The dataset reflects Japanese cultural biases in attribution within reasoning tasks.
Experimental results demonstrate the effectiveness of the new benchmark.
Abstract
In enhancing the fairness of Large Language Models (LLMs), evaluating social biases rooted in the cultural contexts of specific linguistic regions is essential. However, most existing Japanese benchmarks heavily rely on translating English data, which does not necessarily provide an evaluation suitable for Japanese culture. Furthermore, they only evaluate bias in the conclusion, failing to capture biases lurking in the reasoning.

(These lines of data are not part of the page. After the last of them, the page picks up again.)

(* Let $p,q$ be positive integers, with all notation as in the context (in particular $e_s$, $T_e$, $N_{T_c,e}$). Then for every positive integer $e$ and every positive integer $T_c>T_{e_s}$, $$2N_{T_c,e}=N_{2T_c,e+1}.$$
   Context: Let $\mathbf{C}=\begin{bmatrix}1 & p\\ q & 1+pq\end{bmatrix}$. The Cat map over $\mathbb{Z}_{2^e}$ is the bijection $v\mapsto \mathbf{C}v\bmod 2^e$ of $\mathbb{Z}_{2^e}^2$; a cycle of length $n$ is an orbit of a point $v$ for which $n$ is the least positive integer with $\mathbf{C}^n v\equiv v\pmod{2^e}$. $N_{T_c,e}$ denotes the number of cycles of length $T_c$ of the Cat map over $\mathbb{Z}_{2^e}$, and $T_e$ denotes its least period (least $n\ge1$ with $\mathbf{C}^n\equiv I\pmod{2^e}$). Put $A=pq+2$, $B=\sqrt{A^2-4}$, $G_n=\left(\frac{A+B}{2}\right)^n+\left(\frac{A-B}{2}\right)^n$, $H_n=\frac{1}{B}\left(\left(\frac{A+B}{2}\right)^n-\left(\frac{A-B}{2}\right)^n\right)$ (integers). For a nonzero integer $m$ let $v_2(m)$ be the largest $x$ with $2^x\mid m$. Let $e_p=v_2(p)$, $e_q=v_2(q)$; $T_1=3$ if $p,q$ are both odd, $T_1=2$ if exactly one of $p,q$ is odd, $T_1=1$ if both are even; $\hat h=-1$ if $e_p+e_q=0$ and $\hat h=\min(e_p,e_q)$ otherwise; $e_{s,h}=v_2(H_{T_1})$; $m_0=1$ if $\frac12 G_{T_1}\not\equiv 1\pmod 4$ and $m_0=0$ otherwise; $e_{s,g}=v_2\left(\frac12 G_{2^{m_0}T_1}-1\right)$; $x_0=e_{s,h}+m_0+\hat h-e_{s,g}$ if $e_{s,g}<e_{s,h}+m_0+\hat h$ and $x_0=0$ otherwise; and $e_s=e_{s,h}+m_0+\hat h+x_0$. *)

theory Defs
  imports Complex_Main
begin

(* 2x2 integer matrices as tuples (a,b,c,d) = [[a,b],[c,d]] *)
type_synonym mat2 = "int \<times> int \<times> int \<times> int"

definition mat2_mult :: "mat2 \<Rightarrow> mat2 \<Rightarrow> mat2" where
  "mat2_mult X Y = (case X of (a,b,c,d) \<Rightarrow> case Y of (a',b',c',d') \<Rightarrow>
     (a*a' + b*c', a*b' + b*d', c*a' + d*c', c*b' + d*d'))"

definition cat_mat :: "int \<Rightarrow> int \<Rightarrow> mat2" where
  "cat_mat p q = (1, p, q, 1 + p*q)"

primrec cat_matpow :: "int \<Rightarrow> int \<Rightarrow> nat \<Rightarrow> mat2" where
  "cat_matpow p q 0 = (1,0,0,1)"
| "cat_matpow p q (Suc n) = mat2_mult (cat_mat p q) (cat_matpow p q n)"

definition mat2_cong :: "mat2 \<Rightarrow> mat2 \<Rightarrow> int \<Rightarrow> bool" where
  "mat2_cong X Y m = (case X of (a,b,c,d) \<Rightarrow> case Y of (a',b',c',d') \<Rightarrow>
     a mod m = a' mod m \<and> b mod m = b' mod m \<and> c mod m = c' mod m \<and> d mod m = d' mod m)"

definition cat_period :: "int \<Rightarrow> int \<Rightarrow> nat \<Rightarrow> nat" where
  "cat_period p q e = (LEAST n. n \<ge> 1 \<and> mat2_cong (cat_matpow p q n) (1,0,0,1) (2^e))"

definition cat_map :: "int \<Rightarrow> int \<Rightarrow> nat \<Rightarrow> int \<times> int \<Rightarrow> int \<times> int" where
  "cat_map p q e v = (case v of (x,y) \<Rightarrow>
     ((x + p*y) mod 2^e, (q*x + (1+p*q)*y) mod 2^e))"

definition cat_space :: "nat \<Rightarrow> (int \<times> int) set" where
  "cat_space e = {0..<2^e} \<times> {0..<2^e}"

definition point_period :: "int \<Rightarrow> int \<Rightarrow> nat \<Rightarrow> int \<times> int \<Rightarrow> nat" where
  "point_period p q e v = (LEAST n. n \<ge> 1 \<and> (cat_map p q e ^^ n) v = v)"

definition cat_orbit :: "int \<Rightarrow> int \<Rightarrow> nat \<Rightarrow> int \<times> int \<Rightarrow> (int \<times> int) set" where
  "cat_orbit p q e v = {(cat_map p q e ^^ k) v | k. True}"

definition num_cycles :: "int \<Rightarrow> int \<Rightarrow> nat \<Rightarrow> nat \<Rightarrow> nat" where
  "num_cycles p q Tc e = card {cat_orbit p q e v | v. v \<in> cat_space e \<and> point_period p q e v = Tc}"

(* 2-adic valuation of a nonzero integer *)
definition v2 :: "int \<Rightarrow> nat" where
  "v2 m = (GREATEST x. (2::int)^x dvd m)"

definition catA :: "int \<Rightarrow> int \<Rightarrow> int" where
  "catA p q = p*q + 2"

definition catB :: "int \<Rightarrow> int \<Rightarrow> real" where
  "catB p q = sqrt (of_int (catA p q)^2 - 4)"

(* G_n and H_n (integers), obtained from their real closed forms *)
definition catG :: "int \<Rightarrow> int \<Rightarrow> nat \<Rightarrow> int" where
  "catG p q n = \<lfloor>((of_int (catA p q) + catB p q)/2)^n + ((of_int (catA p q) - catB p q)/2)^n\<rfloor>"

definition catH :: "int \<Rightarrow> int \<Rightarrow> nat \<Rightarrow> int" where
  "catH p q n = \<lfloor>(1 / catB p q) * (((of_int (catA p q) + catB p q)/2)^n - ((of_int (catA p q) - catB p q)/2)^n)\<rfloor>"

definition T1 :: "int \<Rightarrow> int \<Rightarrow> nat" where
  "T1 p q = (if odd p \<and> odd q then 3 else if odd p \<or> odd q then 2 else 1)"

definition hhat :: "int \<Rightarrow> int \<Rightarrow> int" where
  "hhat p q = (if v2 p + v2 q = 0 then -1 else int (min (v2 p) (v2 q)))"

definition e_sh :: "int \<Rightarrow> int \<Rightarrow> nat" where
  "e_sh p q = v2 (catH p q (T1 p q))"

(* G_{T_1} is even, so G/2 is the integer G div 2 *)
definition m0 :: "int \<Rightarrow> int \<Rightarrow> nat" where
  "m0 p q = (if (catG p q (T1 p q) div 2) mod 4 \<noteq> 1 then 1 else 0)"

definition e_sg :: "int \<Rightarrow> int \<Rightarrow> nat" where
  "e_sg p q = v2 (catG p q (2^(m0 p q) * T1 p q) div 2 - 1)"

definition x0 :: "int \<Rightarrow> int \<Rightarrow> int" where
  "x0 p q = (if int (e_sg p q) < int (e_sh p q) + int (m0 p q) + hhat p q
             then int (e_sh p q) + int (m0 p q) + hhat p q - int (e_sg p q) else 0)"

definition e_s :: "int \<Rightarrow> int \<Rightarrow> int" where
  "e_s p q = int (e_sh p q) + int (m0 p q) + hhat p q + x0 p q"

end

(*
  Orbits count the points of least period T modulo 2^e as T N_{T,e}, and every point modulo 2^e
  has exactly four lifts modulo 2^(e+1). It therefore suffices that, for T_c > T_{e_s}, a vector has
  period 2 T_c modulo 2^(e+1) iff it has period T_c modulo 2^e.

  Vector periods are 1 or T_1 2^j. If the period t = 2n modulo 2^e exceeds T_{e_s}, then T_{e_s}
  divides n, which forces tr C^n = 2 (mod 8). Hence C^n + I = 2Y with det Y odd, and
  C^(2n) - I = 2Y (C^n - I) shows that the period modulo 2^(e+1) is exactly 2t. Periods not
  exceeding T_{e_s} divide T_{e_s}, so modulo 2^(e+1) they stay at most 2 T_{e_s} < 2 T_c.
*)

theory Submission
  imports Defs "HOL-Computational_Algebra.Primes" "HOL-Combinatorics.Orbits"
begin

section \<open>Least periods and orbits\<close>

lemma dvd_of_diff_closed:
  fixes t k :: nat
  assumes "P k" and diff: "\<And>a b. P a \<Longrightarrow> P b \<Longrightarrow> b \<le> a \<Longrightarrow> P (a - b)"
    and t: "P t" "t \<ge> 1" and least: "\<And>j. 1 \<le> j \<Longrightarrow> P j \<Longrightarrow> t \<le> j"
  shows "t dvd k"
  using \<open>P k\<close>
proof (induction k rule: less_induct)
  case (less k)
  show ?case
  proof (cases "k < t")
    case True
    with least less.prems have "\<not> 1 \<le> k" by (meson not_le)
    then have "k = 0" by simp
    then show ?thesis by simp
  next
    case False
    with diff less.prems t have "P (k - t)" by simp
    with less.IH False t have "t dvd k - t" by simp
    with False show ?thesis by (simp add: dvd_minus_self)
  qed
qed

lemma Least_pos:
  fixes k :: nat
  assumes "P k" "k \<ge> 1"
  shows "(LEAST n. n \<ge> 1 \<and> P n) \<ge> 1" "P (LEAST n. n \<ge> 1 \<and> P n)"
    "\<And>j. 1 \<le> j \<Longrightarrow> P j \<Longrightarrow> (LEAST n. n \<ge> 1 \<and> P n) \<le> j"
proof -
  have "(LEAST n. n \<ge> 1 \<and> P n) \<ge> 1 \<and> P (LEAST n. n \<ge> 1 \<and> P n)"
    by (rule LeastI[of "\<lambda>n. n \<ge> 1 \<and> P n" k]) (use assms in simp)
  then show "(LEAST n. n \<ge> 1 \<and> P n) \<ge> 1" "P (LEAST n. n \<ge> 1 \<and> P n)" by simp_all
  show "\<And>j. 1 \<le> j \<Longrightarrow> P j \<Longrightarrow> (LEAST n. n \<ge> 1 \<and> P n) \<le> j"
    by (simp add: Least_le)
qed

definition least_period :: "('a \<Rightarrow> 'a) \<Rightarrow> 'a \<Rightarrow> nat" where
  "least_period f v = (LEAST n. n \<ge> 1 \<and> (f ^^ n) v = v)"

lemma least_period_least:
  assumes "(f ^^ n) v = v" "n > 0"
  shows "least_period f v > 0" "(f ^^ least_period f v) v = v"
    "\<And>j. 0 < j \<Longrightarrow> (f ^^ j) v = v \<Longrightarrow> least_period f v \<le> j"
  using Least_pos[where P = "\<lambda>n. (f ^^ n) v = v", OF assms(1)] assms(2)
  unfolding least_period_def[symmetric] by auto

lemma funpow_fixed_orbit:
  assumes "(f ^^ n) v = v" "w \<in> orbit f v" shows "(f ^^ n) w = w"
proof -
  obtain k where w: "w = (f ^^ k) v" using assms(2) by (auto simp: orbit_altdef)
  have "(f ^^ n) w = (f ^^ k) ((f ^^ n) v)" unfolding w by (metis add.commute comp_apply funpow_add)
  with assms(1) w show ?thesis by simp
qed

lemma self_in_orbit_of_funpow: "(f ^^ n) v = v \<Longrightarrow> n > 0 \<Longrightarrow> v \<in> orbit f v"
  by (auto simp: orbit_altdef intro!: exI[of _ n])

lemma orbit_eq_of_mem:
  assumes "v \<in> orbit f v" "w \<in> orbit f v" shows "orbit f w = orbit f v"
  using assms by (blast intro: orbit_trans orbit_swap)

lemma orbits_disjoint:
  assumes "v \<in> orbit f v" "w \<in> orbit f w" "orbit f v \<noteq> orbit f w"
  shows "orbit f v \<inter> orbit f w = {}"
proof (rule ccontr)
  assume "orbit f v \<inter> orbit f w \<noteq> {}"
  then obtain z where z: "z \<in> orbit f v" "z \<in> orbit f w" by blast
  have "orbit f z = orbit f v" "orbit f z = orbit f w"
    using orbit_eq_of_mem[OF assms(1) z(1)] orbit_eq_of_mem[OF assms(2) z(2)] by simp_all
  with assms(3) show False by simp
qed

In this study, based on attribution theory in social psychology, we constructed a new dataset, ``JUBAKU-v2,'' which evaluates the bias in attributing behaviors to in-groups and out-groups within reasoning while fixing the conclusion. This dataset consists of 216 examples reflecting cultural biases specific to Japan. Experimental results verified that it can detect performance differences across models more sensitively than existing benchmarks.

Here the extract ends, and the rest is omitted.